(Data to process Opens)

lemma bbrw_path_prob_snoc:
  assumes "length ys = Suc (Suc n)"
  shows "bbrw_path_prob E (ys @ [w]) = bbrw_path_prob E ys * bbrw_step E (ys ! n) (ys ! Suc n) w"
proof -
  define F where "F zs k = bbrw_step E (zs ! k) (zs ! Suc k) (zs ! Suc (Suc k))" for zs k
  have "(\<Prod>k\<in>{0..<Suc n}. F (ys @ [w]) k) = (\<Prod>k\<in>{0..<n}. F (ys @ [w]) k) * F (ys @ [w]) n"
    by (simp add: prod.atLeast0_lessThan_Suc)
  also have "(\<Prod>k\<in>{0..<n}. F (ys @ [w]) k) = (\<Prod>k\<in>{0..<n}. F ys k)"
    using assms by (intro prod.cong refl) (simp add: F_def nth_append)
  also have "F (ys @ [w]) n = bbrw_step E (ys ! n) (ys ! Suc n) w"
    using assms by (simp add: F_def nth_append)
  finally show ?thesis
    using assms by (simp add: bbrw_path_prob_def nth_append F_def mult.assoc)
qed

context bbrw_taboo
begin

definition avoiding_paths :: "nat \<Rightarrow> 'a list set" where
  "avoiding_paths n = {xs. length xs = Suc (Suc n) \<and> set xs \<subseteq> V \<and> xs ! 0 = i \<and>
     (\<forall>k. 0 < k \<and> k < Suc (Suc n) \<longrightarrow> xs ! k \<noteq> i)}"

lemma avoiding_paths_0: "avoiding_paths 0 = (\<lambda>v. [i, v]) ` (V - {i})"
proof
  show "avoiding_paths 0 \<subseteq> (\<lambda>v. [i, v]) ` (V - {i})"
  proof
    fix xs assume xs: "xs \<in> avoiding_paths 0"
    then obtain a b where "xs = [a, b]"
      by (auto simp: avoiding_paths_def length_Suc_conv)
    then show "xs \<in> (\<lambda>v. [i, v]) ` (V - {i})" using xs by (auto simp: avoiding_paths_def)
  qed
qed (use i_in_V in \<open>auto simp: avoiding_paths_def less_Suc_eq nth_Cons'\<close>)

lemma snoc_image_avoiding_paths:
  "(\<lambda>(ys, w). ys @ [w]) ` (avoiding_paths n \<times> {w \<in> V. P w}) =
     {xs. length xs = Suc (Suc (Suc n)) \<and> set xs \<subseteq> V \<and> xs ! 0 = i \<and>
       (\<forall>k. 0 < k \<and> k < Suc (Suc n) \<longrightarrow> xs ! k \<noteq> i) \<and> P (xs ! Suc (Suc n))}"
    (is "?image = ?S")
proof
  show "?image \<subseteq> ?S"
    by (auto simp: avoiding_paths_def nth_append)
  show "?S \<subseteq> ?image"
  proof
    fix xs assume xs: "xs \<in> ?S"
    then have "xs \<noteq> []" by auto
    then have "xs = butlast xs @ [last xs]" by simp
    moreover have "butlast xs \<in> avoiding_paths n"
      using xs by (auto simp: avoiding_paths_def nth_butlast dest: in_set_butlastD)
    moreover have "last xs \<in> {w \<in> V. P w}"
      using xs \<open>xs \<noteq> []\<close> by (auto simp: last_conv_nth)
    ultimately show "xs \<in> ?image" by (auto intro!: image_eqI[of _ _ "(butlast xs, last xs)"])
  qed
qed

lemma inj_on_snoc: "inj_on (\<lambda>(ys, w). ys @ [w]) A"
  by (auto simp: inj_on_def)

lemma avoiding_paths_Suc:
  "avoiding_paths (Suc n) = (\<lambda>(ys, w). ys @ [w]) ` (avoiding_paths n \<times> {w \<in> V. w \<noteq> i})"
  unfolding snoc_image_avoiding_paths by (auto simp: avoiding_paths_def less_Suc_eq)

lemma sum_avoiding_paths_Suc:
  "(\<Sum>xs\<in>avoiding_paths (Suc n). bbrw_path_prob E xs * f (xs ! Suc n) (xs ! Suc (Suc n))) =
     (\<Sum>ys\<in>avoiding_paths n. bbrw_path_prob E ys *
        (\<Sum>w\<in>{w \<in> V. w \<noteq> i}. bbrw_step E (ys ! n) (ys ! Suc n) w * f (ys ! Suc n) w))"
proof -
  have length: "length ys = Suc (Suc n)" if "ys \<in> avoiding_paths n" for ys
    using that by (simp add: avoiding_paths_def)
  have "(\<Sum>xs\<in>avoiding_paths (Suc n). bbrw_path_prob E xs * f (xs ! Suc n) (xs ! Suc (Suc n))) =
      (\<Sum>ys\<in>avoiding_paths n. \<Sum>w\<in>{w \<in> V. w \<noteq> i}.
        bbrw_path_prob E (ys @ [w]) * f ((ys @ [w]) ! Suc n) ((ys @ [w]) ! Suc (Suc n)))"
    unfolding avoiding_paths_Suc sum.reindex[OF inj_on_snoc] sum.cartesian_product
    by (simp add: comp_def case_prod_unfold)
  also have "\<dots> = (\<Sum>ys\<in>avoiding_paths n. bbrw_path_prob E ys *
        (\<Sum>w\<in>{w \<in> V. w \<noteq> i}. bbrw_step E (ys ! n) (ys ! Suc n) w * f (ys ! Suc n) w))"
    using length
    by (intro sum.cong refl) (simp add: bbrw_path_prob_snoc nth_append sum_distrib_left mult.assoc)
  finally show ?thesis .
qed

lemma sum_taboo_dist_Suc:
  "(\<Sum>u\<in>V. \<Sum>v\<in>V. taboo_dist n (u, v) * (\<Sum>w\<in>{w \<in> V. w \<noteq> i}. bbrw_step E u v w * f v w)) =
     (\<Sum>v\<in>V. \<Sum>w\<in>V. taboo_dist (Suc n) (v, w) * f v w)"
proof -
  let ?h = "\<lambda>u v w. taboo_dist n (u, v) * bbrw_step E u v w * f v w"
  have "(\<Sum>u\<in>V. \<Sum>v\<in>V. taboo_dist n (u, v) * (\<Sum>w\<in>{w \<in> V. w \<noteq> i}. bbrw_step E u v w * f v w)) =
      (\<Sum>u\<in>V. \<Sum>v\<in>V. \<Sum>w\<in>{w \<in> V. w \<noteq> i}. ?h u v w)"
    by (simp add: sum_distrib_left mult.assoc)
  also have "\<dots> = (\<Sum>v\<in>V. \<Sum>u\<in>V. \<Sum>w\<in>{w \<in> V. w \<noteq> i}. ?h u v w)"
    by (rule sum.swap)
  also have "\<dots> = (\<Sum>v\<in>V. \<Sum>w\<in>{w \<in> V. w \<noteq> i}. \<Sum>u\<in>V. ?h u v w)"
    by (intro sum.cong refl sum.swap)
  also have "\<dots> = (\<Sum>v\<in>V. \<Sum>w\<in>V. taboo_dist (Suc n) (v, w) * f v w)"
    using finite_V
    by (intro sum.cong refl sum.mono_neutral_cong_left)
      (auto simp: taboo_dist_def taboo_step_def sum_distrib_right)
  finally show ?thesis .
qed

(Data to process Closes)

*What to work on*
Above are some records. Print them all exactly.

*Solution for this problem*
lemma bbrw_path_prob_snoc:
  assumes "length ys = Suc (Suc n)"
  shows "bbrw_path_prob E (ys @ [w]) = bbrw_path_prob E ys * bbrw_step E (ys ! n) (ys ! Suc n) w"
proof -
  define F where "F zs k = bbrw_step E (zs ! k) (zs ! Suc k) (zs ! Suc (Suc k))" for zs k
  have "(\<Prod>k\<in>{0..<Suc n}. F (ys @ [w]) k) = (\<Prod>k\<in>{0..<n}. F (ys @ [w]) k) * F (ys @ [w]) n"
    by (simp add: prod.atLeast0_lessThan_Suc)
  also have "(\<Prod>k\<in>{0..<n}. F (ys @ [w]) k) = (\<Prod>k\<in>{0..<n}. F ys k)"
    using assms by (intro prod.cong refl) (simp add: F_def nth_append)
  also have "F (ys @ [w]) n = bbrw_step E (ys ! n) (ys ! Suc n) w"
    using assms by (simp add: F_def nth_append)
  finally show ?thesis
    using assms by (simp add: bbrw_path_prob_def nth_append F_def mult.assoc)
qed

context bbrw_taboo
begin

definition avoiding_paths :: "nat \<Rightarrow> 'a list set" where
  "avoiding_paths n = {xs. length xs = Suc (Suc n) \<and> set xs \<subseteq> V \<and> xs ! 0 = i \<and>
     (\<forall>k. 0 < k \<and> k < Suc (Suc n) \<longrightarrow> xs ! k \<noteq> i)}"

lemma avoiding_paths_0: "avoiding_paths 0 = (\<lambda>v. [i, v]) ` (V - {i})"
proof
  show "avoiding_paths 0 \<subseteq> (\<lambda>v. [i, v]) ` (V - {i})"
  proof
    fix xs assume xs: "xs \<in> avoiding_paths 0"
    then obtain a b where "xs = [a, b]"
      by (auto simp: avoiding_paths_def length_Suc_conv)
    then show "xs \<in> (\<lambda>v. [i, v]) ` (V - {i})" using xs by (auto simp: avoiding_paths_def)
  qed
qed (use i_in_V in \<open>auto simp: avoiding_paths_def less_Suc_eq nth_Cons'\<close>)

lemma snoc_image_avoiding_paths:
  "(\<lambda>(ys, w). ys @ [w]) ` (avoiding_paths n \<times> {w \<in> V. P w}) =
     {xs. length xs = Suc (Suc (Suc n)) \<and> set xs \<subseteq> V \<and> xs ! 0 = i \<and>
       (\<forall>k. 0 < k \<and> k < Suc (Suc n) \<longrightarrow> xs ! k \<noteq> i) \<and> P (xs ! Suc (Suc n))}"
    (is "?image = ?S")
proof
  show "?image \<subseteq> ?S"
    by (auto simp: avoiding_paths_def nth_append)
  show "?S \<subseteq> ?image"
  proof
    fix xs assume xs: "xs \<in> ?S"
    then have "xs \<noteq> []" by auto
    then have "xs = butlast xs @ [last xs]" by simp
    moreover have "butlast xs \<in> avoiding_paths n"
      using xs by (auto simp: avoiding_paths_def nth_butlast dest: in_set_butlastD)
    moreover have "last xs \<in> {w \<in> V. P w}"
      using xs \<open>xs \<noteq> []\<close> by (auto simp: last_conv_nth)
    ultimately show "xs \<in> ?image" by (auto intro!: image_eqI[of _ _ "(butlast xs, last xs)"])
  qed
qed

lemma inj_on_snoc: "inj_on (\<lambda>(ys, w). ys @ [w]) A"
  by (auto simp: inj_on_def)

lemma avoiding_paths_Suc:
  "avoiding_paths (Suc n) = (\<lambda>(ys, w). ys @ [w]) ` (avoiding_paths n \<times> {w \<in> V. w \<noteq> i})"
  unfolding snoc_image_avoiding_paths by (auto simp: avoiding_paths_def less_Suc_eq)

lemma sum_avoiding_paths_Suc:
  "(\<Sum>xs\<in>avoiding_paths (Suc n). bbrw_path_prob E xs * f (xs ! Suc n) (xs ! Suc (Suc n))) =
     (\<Sum>ys\<in>avoiding_paths n. bbrw_path_prob E ys *
        (\<Sum>w\<in>{w \<in> V. w \<noteq> i}. bbrw_step E (ys ! n) (ys ! Suc n) w * f (ys ! Suc n) w))"
proof -
  have length: "length ys = Suc (Suc n)" if "ys \<in> avoiding_paths n" for ys
    using that by (simp add: avoiding_paths_def)
  have "(\<Sum>xs\<in>avoiding_paths (Suc n). bbrw_path_prob E xs * f (xs ! Suc n) (xs ! Suc (Suc n))) =
      (\<Sum>ys\<in>avoiding_paths n. \<Sum>w\<in>{w \<in> V. w \<noteq> i}.
        bbrw_path_prob E (ys @ [w]) * f ((ys @ [w]) ! Suc n) ((ys @ [w]) ! Suc (Suc n)))"
    unfolding avoiding_paths_Suc sum.reindex[OF inj_on_snoc] sum.cartesian_product
    by (simp add: comp_def case_prod_unfold)
  also have "\<dots> = (\<Sum>ys\<in>avoiding_paths n. bbrw_path_prob E ys *
        (\<Sum>w\<in>{w \<in> V. w \<noteq> i}. bbrw_step E (ys ! n) (ys ! Suc n) w * f (ys ! Suc n) w))"
    using length
    by (intro sum.cong refl) (simp add: bbrw_path_prob_snoc nth_append sum_distrib_left mult.assoc)
  finally show ?thesis .
qed

lemma sum_taboo_dist_Suc:
  "(\<Sum>u\<in>V. \<Sum>v\<in>V. taboo_dist n (u, v) * (\<Sum>w\<in>{w \<in> V. w \<noteq> i}. bbrw_step E u v w * f v w)) =
     (\<Sum>v\<in>V. \<Sum>w\<in>V. taboo_dist (Suc n) (v, w) * f v w)"
proof -
  let ?h = "\<lambda>u v w. taboo_dist n (u, v) * bbrw_step E u v w * f v w"
  have "(\<Sum>u\<in>V. \<Sum>v\<in>V. taboo_dist n (u, v) * (\<Sum>w\<in>{w \<in> V. w \<noteq> i}. bbrw_step E u v w * f v w)) =
      (\<Sum>u\<in>V. \<Sum>v\<in>V. \<Sum>w\<in>{w \<in> V. w \<noteq> i}. ?h u v w)"
    by (simp add: sum_distrib_left mult.assoc)
  also have "\<dots> = (\<Sum>v\<in>V. \<Sum>u\<in>V. \<Sum>w\<in>{w \<in> V. w \<noteq> i}. ?h u v w)"
    by (rule sum.swap)
  also have "\<dots> = (\<Sum>v\<in>V. \<Sum>w\<in>{w \<in> V. w \<noteq> i}. \<Sum>u\<in>V. ?h u v w)"
    by (intro sum.cong refl sum.swap)
  also have "\<dots> = (\<Sum>v\<in>V. \<Sum>w\<in>V. taboo_dist (Suc n) (v, w) * f v w)"
    using finite_V
    by (intro sum.cong refl sum.mono_neutral_cong_left)
      (auto simp: taboo_dist_def taboo_step_def sum_distrib_right)
  finally show ?thesis .
qed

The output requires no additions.